### [MATERIAL FOR THIS EXERCISE]
========

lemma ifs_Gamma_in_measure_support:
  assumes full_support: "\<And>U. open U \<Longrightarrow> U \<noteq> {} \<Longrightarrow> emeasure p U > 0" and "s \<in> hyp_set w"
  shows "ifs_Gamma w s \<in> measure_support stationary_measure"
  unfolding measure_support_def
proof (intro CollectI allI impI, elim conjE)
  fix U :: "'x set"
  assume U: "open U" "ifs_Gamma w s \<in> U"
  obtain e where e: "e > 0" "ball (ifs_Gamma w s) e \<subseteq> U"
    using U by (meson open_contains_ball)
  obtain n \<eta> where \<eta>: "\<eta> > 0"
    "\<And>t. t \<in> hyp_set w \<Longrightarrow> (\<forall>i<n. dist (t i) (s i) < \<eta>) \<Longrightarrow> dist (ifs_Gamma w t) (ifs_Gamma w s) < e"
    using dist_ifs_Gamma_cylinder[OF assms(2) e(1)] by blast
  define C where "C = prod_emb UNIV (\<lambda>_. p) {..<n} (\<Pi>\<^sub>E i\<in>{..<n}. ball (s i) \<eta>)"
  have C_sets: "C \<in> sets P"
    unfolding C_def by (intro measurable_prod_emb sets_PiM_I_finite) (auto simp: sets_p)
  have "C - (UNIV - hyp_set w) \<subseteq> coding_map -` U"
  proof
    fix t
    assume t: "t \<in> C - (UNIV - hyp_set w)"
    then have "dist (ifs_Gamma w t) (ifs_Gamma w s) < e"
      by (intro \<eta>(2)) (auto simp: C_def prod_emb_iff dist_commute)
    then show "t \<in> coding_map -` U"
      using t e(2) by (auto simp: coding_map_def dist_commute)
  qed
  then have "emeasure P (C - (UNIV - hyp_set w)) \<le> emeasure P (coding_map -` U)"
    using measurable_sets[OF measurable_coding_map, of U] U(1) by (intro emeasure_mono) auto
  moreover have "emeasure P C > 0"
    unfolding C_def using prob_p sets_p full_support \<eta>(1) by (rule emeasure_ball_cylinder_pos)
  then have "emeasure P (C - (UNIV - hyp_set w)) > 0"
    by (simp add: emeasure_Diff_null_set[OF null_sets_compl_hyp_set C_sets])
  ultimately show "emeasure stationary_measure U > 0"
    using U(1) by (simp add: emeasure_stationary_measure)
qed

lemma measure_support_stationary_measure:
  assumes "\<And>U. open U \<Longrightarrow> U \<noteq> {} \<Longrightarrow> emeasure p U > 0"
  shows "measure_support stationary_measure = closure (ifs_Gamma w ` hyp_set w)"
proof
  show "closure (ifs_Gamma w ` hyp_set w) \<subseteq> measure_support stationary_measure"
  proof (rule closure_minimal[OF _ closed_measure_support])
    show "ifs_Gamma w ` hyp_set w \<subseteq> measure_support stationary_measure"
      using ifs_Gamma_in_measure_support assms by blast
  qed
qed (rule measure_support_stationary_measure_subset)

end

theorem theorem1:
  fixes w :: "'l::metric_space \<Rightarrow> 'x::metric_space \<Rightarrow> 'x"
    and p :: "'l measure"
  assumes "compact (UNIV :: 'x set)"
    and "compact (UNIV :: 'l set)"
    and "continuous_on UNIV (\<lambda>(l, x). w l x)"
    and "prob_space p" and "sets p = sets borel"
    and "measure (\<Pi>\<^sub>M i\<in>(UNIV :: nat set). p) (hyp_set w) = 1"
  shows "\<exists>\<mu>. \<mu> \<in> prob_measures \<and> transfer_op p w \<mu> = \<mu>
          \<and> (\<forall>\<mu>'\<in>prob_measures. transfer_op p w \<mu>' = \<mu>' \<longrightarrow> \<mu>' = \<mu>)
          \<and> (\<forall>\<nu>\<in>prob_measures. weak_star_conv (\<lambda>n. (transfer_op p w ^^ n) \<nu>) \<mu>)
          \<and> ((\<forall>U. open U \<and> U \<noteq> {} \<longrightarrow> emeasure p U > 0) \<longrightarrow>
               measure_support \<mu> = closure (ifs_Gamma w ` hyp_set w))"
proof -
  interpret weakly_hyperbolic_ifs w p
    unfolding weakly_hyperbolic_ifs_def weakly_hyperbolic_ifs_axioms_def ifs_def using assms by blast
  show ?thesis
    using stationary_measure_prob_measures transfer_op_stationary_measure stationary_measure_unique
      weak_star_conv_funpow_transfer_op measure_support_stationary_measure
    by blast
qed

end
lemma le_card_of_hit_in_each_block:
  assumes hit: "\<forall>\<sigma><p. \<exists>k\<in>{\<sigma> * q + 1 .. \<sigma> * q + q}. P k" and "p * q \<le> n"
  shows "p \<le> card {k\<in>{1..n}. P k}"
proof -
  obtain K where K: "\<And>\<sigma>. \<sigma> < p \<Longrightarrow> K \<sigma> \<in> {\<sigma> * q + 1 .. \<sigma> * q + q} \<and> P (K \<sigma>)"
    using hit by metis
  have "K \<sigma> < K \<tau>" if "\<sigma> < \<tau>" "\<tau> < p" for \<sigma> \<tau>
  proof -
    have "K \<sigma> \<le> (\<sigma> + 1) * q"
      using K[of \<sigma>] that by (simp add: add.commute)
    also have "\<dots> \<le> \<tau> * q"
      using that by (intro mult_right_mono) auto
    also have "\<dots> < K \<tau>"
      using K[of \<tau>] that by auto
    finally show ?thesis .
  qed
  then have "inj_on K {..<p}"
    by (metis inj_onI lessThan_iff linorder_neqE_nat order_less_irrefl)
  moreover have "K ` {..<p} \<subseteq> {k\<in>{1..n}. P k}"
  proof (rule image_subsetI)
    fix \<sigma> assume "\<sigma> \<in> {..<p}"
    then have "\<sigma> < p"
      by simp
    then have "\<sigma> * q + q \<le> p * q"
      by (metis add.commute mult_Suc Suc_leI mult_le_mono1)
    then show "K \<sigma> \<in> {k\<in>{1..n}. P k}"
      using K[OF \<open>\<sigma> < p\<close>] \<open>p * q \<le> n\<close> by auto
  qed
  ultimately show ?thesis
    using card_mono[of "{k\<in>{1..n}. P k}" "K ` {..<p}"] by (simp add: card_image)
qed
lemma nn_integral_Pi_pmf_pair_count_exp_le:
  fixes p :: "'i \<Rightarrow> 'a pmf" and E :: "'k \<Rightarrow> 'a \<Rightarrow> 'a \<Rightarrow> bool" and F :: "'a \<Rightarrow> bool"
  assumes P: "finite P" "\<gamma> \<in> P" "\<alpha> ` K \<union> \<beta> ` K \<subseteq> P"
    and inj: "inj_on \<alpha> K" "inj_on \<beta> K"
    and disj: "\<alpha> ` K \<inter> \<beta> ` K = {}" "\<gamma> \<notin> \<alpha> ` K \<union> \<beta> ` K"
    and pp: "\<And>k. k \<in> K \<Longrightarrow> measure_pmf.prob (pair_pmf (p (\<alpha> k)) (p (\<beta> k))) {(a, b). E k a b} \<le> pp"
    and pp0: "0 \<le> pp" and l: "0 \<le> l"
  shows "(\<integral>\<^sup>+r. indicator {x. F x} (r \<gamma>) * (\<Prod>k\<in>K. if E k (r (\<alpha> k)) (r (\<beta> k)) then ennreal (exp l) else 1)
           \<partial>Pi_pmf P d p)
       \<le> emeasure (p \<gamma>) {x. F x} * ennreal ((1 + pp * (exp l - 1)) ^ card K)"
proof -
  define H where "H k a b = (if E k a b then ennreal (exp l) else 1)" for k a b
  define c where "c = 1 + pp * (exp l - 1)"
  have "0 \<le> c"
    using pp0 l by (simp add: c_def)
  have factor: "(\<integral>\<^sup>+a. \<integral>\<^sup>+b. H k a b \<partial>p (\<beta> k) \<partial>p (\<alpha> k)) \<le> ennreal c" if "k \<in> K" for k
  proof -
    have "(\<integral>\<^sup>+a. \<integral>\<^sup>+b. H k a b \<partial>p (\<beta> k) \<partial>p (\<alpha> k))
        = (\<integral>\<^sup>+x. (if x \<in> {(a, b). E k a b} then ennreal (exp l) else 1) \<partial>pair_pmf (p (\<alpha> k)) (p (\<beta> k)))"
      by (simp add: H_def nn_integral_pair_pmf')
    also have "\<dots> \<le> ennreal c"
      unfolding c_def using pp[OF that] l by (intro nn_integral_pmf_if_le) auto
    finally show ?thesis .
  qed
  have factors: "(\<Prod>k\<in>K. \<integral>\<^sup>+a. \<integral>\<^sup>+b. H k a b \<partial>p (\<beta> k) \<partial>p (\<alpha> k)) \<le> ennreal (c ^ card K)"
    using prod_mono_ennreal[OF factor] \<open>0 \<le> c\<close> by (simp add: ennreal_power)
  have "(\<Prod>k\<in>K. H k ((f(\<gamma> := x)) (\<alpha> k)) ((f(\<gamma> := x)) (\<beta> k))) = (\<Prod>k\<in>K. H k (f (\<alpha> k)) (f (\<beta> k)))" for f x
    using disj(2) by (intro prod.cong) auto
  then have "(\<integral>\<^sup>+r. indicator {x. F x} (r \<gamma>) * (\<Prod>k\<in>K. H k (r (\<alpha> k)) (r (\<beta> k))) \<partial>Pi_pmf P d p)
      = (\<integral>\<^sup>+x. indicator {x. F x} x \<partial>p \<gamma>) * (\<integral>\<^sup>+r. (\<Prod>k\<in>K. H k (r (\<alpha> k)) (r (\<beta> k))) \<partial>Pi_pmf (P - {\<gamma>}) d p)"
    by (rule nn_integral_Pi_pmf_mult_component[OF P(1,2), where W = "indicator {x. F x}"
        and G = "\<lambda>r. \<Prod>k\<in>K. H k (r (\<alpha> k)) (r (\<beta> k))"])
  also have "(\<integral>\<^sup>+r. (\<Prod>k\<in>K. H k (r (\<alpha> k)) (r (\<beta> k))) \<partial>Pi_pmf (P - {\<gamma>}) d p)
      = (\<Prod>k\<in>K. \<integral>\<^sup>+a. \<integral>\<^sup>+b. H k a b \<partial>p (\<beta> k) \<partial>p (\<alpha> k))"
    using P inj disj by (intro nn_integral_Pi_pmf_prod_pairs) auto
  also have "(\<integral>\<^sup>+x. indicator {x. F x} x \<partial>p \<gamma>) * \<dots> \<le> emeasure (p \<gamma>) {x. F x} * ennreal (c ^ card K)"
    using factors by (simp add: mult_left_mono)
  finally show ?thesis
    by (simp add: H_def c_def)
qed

========

### [EXERCISE INSTRUCTIONS]
Each line in the listing above that includes the word "fixes" needs to be copied out.

### [RESULT]
  fixes w :: "'l::metric_space \<Rightarrow> 'x::metric_space \<Rightarrow> 'x"
  fixes p :: "'i \<Rightarrow> 'a pmf" and E :: "'k \<Rightarrow> 'a \<Rightarrow> 'a \<Rightarrow> bool" and F :: "'a \<Rightarrow> bool"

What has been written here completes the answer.